Former President Joseph Estrada was not one of my favorite elected officials. Although assured that he had hired a brilliant team of advisers, my first thoughts upon his election was that cunning politicians will use his naivette against him.
I watched as they impeached him. I watched as a new regime took over. I watched his day-to-day battle from prison to house arrest to a guilty of plunder ruling.
The funny thing is during the six years that he was imprisoned, I grew to admire Erap (as he is fondly called by his constituents) as a person. I watched how the masses, his followers, supported him all throughout his trial. I watched testimony after testimony of underprivileged people proclaiming that he had helped them.
I admired him the most when he chose not to go into exile. A lot of presidents have done it, even the genius who ran the Philippines for decades had resorted to fleeing the country. But Erap stayed, he had wanted to prove his innocence.
A lot of his friends ratted him out, washing their hands of him and going out in public declaring that they are better men - but their actions to me speak louder than their words. You know the quality I liked most about the former president was that he never muddied anybody else's name. He did not point the finger. He never said it was somebody else's fault.
As he said in a July interview for Kababayan LA, "I'm not perfect. I know I have made mistakes in my governance of the country, but I fulfilled my sworn duty to my country."

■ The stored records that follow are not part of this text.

lemma maxmin_value_ge:
  fixes \<phi> :: "'a::finite \<Rightarrow> 'a \<Rightarrow> real"
  assumes "\<And>\<rho>. c \<le> phi_mix \<phi> \<tau> \<rho>"
  shows "c \<le> maxmin_value \<phi>"
proof -
  have "c \<le> (INF \<rho>. phi_mix \<phi> \<tau> \<rho>)" using assms by (intro cINF_greatest) auto
  also have "\<dots> \<le> maxmin_value \<phi>"
    unfolding maxmin_value_def by (rule cSUP_upper[OF UNIV_I bdd_above_guaranteed_payoff])
  finally show ?thesis .
qed

lemma maxmin_value_le:
  fixes \<phi> :: "'a::finite \<Rightarrow> 'a \<Rightarrow> real"
  assumes "\<And>\<tau>. phi_mix \<phi> \<tau> (\<rho> \<tau>) \<le> c"
  shows "maxmin_value \<phi> \<le> c"
  unfolding maxmin_value_def
  using assms by (intro cSUP_least cINF_lower2[OF bdd_below_phi_mix]) auto

lemma maxmin_value_posE:
  fixes \<phi> :: "'a::finite \<Rightarrow> 'a \<Rightarrow> real"
  assumes "0 < maxmin_value \<phi>"
  obtains \<tau> c where "0 < c" "\<And>\<rho>. c \<le> phi_mix \<phi> \<tau> \<rho>"
proof -
  obtain \<tau> where "0 < (INF \<rho>. phi_mix \<phi> \<tau> \<rho>)"
    using assms less_cSUP_iff[OF UNIV_not_empty bdd_above_guaranteed_payoff]
    unfolding maxmin_value_def by blast
  then show ?thesis
    using that cINF_lower[OF bdd_below_phi_mix] by blast
qed

lemma maxmin_value_lessE:
  fixes \<phi> :: "'a::finite \<Rightarrow> 'a \<Rightarrow> real"
  assumes "maxmin_value \<phi> < c"
  obtains \<rho> where "\<And>\<tau>. phi_mix \<phi> \<tau> (\<rho> \<tau>) < c"
proof -
  have "\<exists>\<rho>. phi_mix \<phi> \<tau> \<rho> < c" for \<tau>
  proof -
    have "(INF \<rho>. phi_mix \<phi> \<tau> \<rho>) \<le> maxmin_value \<phi>"
      unfolding maxmin_value_def by (rule cSUP_upper[OF UNIV_I bdd_above_guaranteed_payoff])
    with assms have "(INF \<rho>. phi_mix \<phi> \<tau> \<rho>) < c" by linarith
    then show ?thesis by (simp add: cINF_less_iff[OF _ bdd_below_phi_mix])
  qed
  then show ?thesis using that by metis
qed

lemma nonpos_mixed_actionE:
  fixes \<phi> :: "'a::finite \<Rightarrow> 'a \<Rightarrow> real"
  assumes sym: "\<And>a b. \<phi> a b = \<phi> b a" and "maxmin_value \<phi> \<le> 0"
  obtains q where "\<And>b. phi_mix \<phi> q (return_pmf b) \<le> 0"
proof (rule phi_mix_alternative[of \<phi>])
  fix q assume q: "\<And>a. phi_mix \<phi> (return_pmf a) q \<le> 0"
  have "phi_mix \<phi> q (return_pmf b) \<le> 0" for b
    using q[of b] phi_mix_commute[of \<phi> q "return_pmf b", OF sym] by simp
  then show thesis by (rule that)
next
  fix p assume "\<And>b. 0 < phi_mix \<phi> p (return_pmf b)"
  then obtain c where "0 < c" and c: "\<And>\<rho>. c \<le> phi_mix \<phi> p \<rho>"
    by (rule phi_mix_uniformly_posE) blast
  have "c \<le> maxmin_value \<phi>" using c by (rule maxmin_value_ge)
  then show thesis using assms(2) \<open>0 < c\<close> by linarith
qed

lemma nonneg_mixed_actionE:
  fixes \<phi> :: "'a::finite \<Rightarrow> 'a \<Rightarrow> real"
  assumes sym: "\<And>a b. \<phi> a b = \<phi> b a" and "0 \<le> maxmin_value \<phi>"
  obtains p where "\<And>b. 0 \<le> phi_mix \<phi> p (return_pmf b)"
proof (rule phi_mix_alternative[of "\<lambda>a b. - \<phi> a b"])
  fix p assume p: "\<And>a. phi_mix (\<lambda>a b. - \<phi> a b) (return_pmf a) p \<le> 0"
  have "0 \<le> phi_mix \<phi> p (return_pmf b)" for b
    using p[of b] phi_mix_commute[of \<phi> p "return_pmf b", OF sym] by (simp add: phi_mix_uminus)
  then show thesis by (rule that)
next
  fix q assume "\<And>b. 0 < phi_mix (\<lambda>a b. - \<phi> a b) q (return_pmf b)"
  then obtain c where "0 < c" and c: "\<And>\<rho>. c \<le> phi_mix (\<lambda>a b. - \<phi> a b) q \<rho>"
    by (rule phi_mix_uniformly_posE) blast
  have "phi_mix \<phi> \<tau> q \<le> - c" for \<tau>
    using c[of \<tau>] by (simp add: phi_mix_uminus phi_mix_commute[of \<phi> \<tau> q, OF sym])
  then have "maxmin_value \<phi> \<le> - c" by (rule maxmin_value_le)
  then show thesis using assms(2) \<open>0 < c\<close> by linarith
qed

lemma maxmin_value_eq_0_if_trivial_autocratic:
  fixes \<phi> :: "'a::finite \<Rightarrow> 'a \<Rightarrow> real"
  assumes sym: "\<And>a b. \<phi> a b = \<phi> b a" and "has_trivial_autocratic \<phi>"
  shows "maxmin_value \<phi> = 0"
proof -
  obtain \<tau> where \<tau>: "\<And>b. phi_mix \<phi> \<tau> (return_pmf b) = 0"
    using assms(2) by (auto simp: has_trivial_autocratic_def)
  have zero: "phi_mix \<phi> \<tau> \<rho> = 0" for \<rho>
    unfolding phi_mix_eq_expectation_pure[of \<phi> \<tau> \<rho>] by (simp add: \<tau>)
  have "0 \<le> maxmin_value \<phi>" by (rule maxmin_value_ge[of 0 \<phi> \<tau>]) (simp add: zero)
  moreover have "phi_mix \<phi> \<tau>' \<tau> = 0" for \<tau>'
    using phi_mix_commute[of \<phi> \<tau>' \<tau>, OF sym] zero by simp
  then have "maxmin_value \<phi> \<le> 0"
    by (intro maxmin_value_le[where \<rho> = "\<lambda>_. \<tau>"]) simp
  ultimately show ?thesis by simp
qed

section \<open>Enforcing zero forces a zero maxmin value\<close>

lemma summable_discounted:
  fixes e :: "nat \<Rightarrow> real"
  assumes "0 \<le> \<delta>" "\<delta> < 1" "\<And>t. \<bar>e t\<bar> \<le> B"
  shows "summable (\<lambda>t. \<delta> ^ t * e t)"
proof (rule summable_comparison_test)
  show "\<exists>N. \<forall>t\<ge>N. norm (\<delta> ^ t * e t) \<le> \<delta> ^ t * B"
    using assms by (auto simp: abs_mult intro!: mult_left_mono)
  show "summable (\<lambda>t. \<delta> ^ t * B)"
    using assms by (intro summable_mult2 summable_geometric) simp
qed

lemma discounted_average_ge:
  fixes e :: "nat \<Rightarrow> real"
  assumes "0 \<le> \<delta>" "\<delta> < 1" "\<And>t. \<bar>e t\<bar> \<le> B" "\<And>t. c \<le> e t"
  shows "c \<le> (1 - \<delta>) * (\<Sum>t. \<delta> ^ t * e t)"
proof -
  have geometric: "summable (\<lambda>t. \<delta> ^ t)" using assms by (intro summable_geometric) simp
  have "c / (1 - \<delta>) = (\<Sum>t. \<delta> ^ t * c)"
    using suminf_mult2[OF geometric, of c] suminf_geometric[of \<delta>] assms by simp
  also have "\<dots> \<le> (\<Sum>t. \<delta> ^ t * e t)"
    using assms by (intro suminf_le summable_mult2 geometric summable_discounted mult_left_mono) auto
  finally show ?thesis using assms by (simp add: field_simps)
qed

The guilty verdict made me sad. It's not because I do not want those who are guilty of plunder to be punished - it just feels wrong. That here is someone who served only 3 and 1/2 years, maybe he did get money when he was president - because he was president, but we had a dictator who had gained a lot more because he ruled for over 20 years and he was not given a guilty ruling and punished. We had a president who cleaned out the treasury during his regime, not one word was said about plunder. The current president's husband has been tried numerous times on graft and corruption charges and had always escaped unscathed. But here is a man, maybe not as educated as some of our other presidents, who came from show business and rose from being mayor of his home town to being the President of the Philippines because the masses loved him - and what did we do? The first chance we get, we make him the scapegoat, the one who had to take the fall to show the world that we can prosecute even those who ruled our country. Why him? Because he was not perfect? I think that is very sad.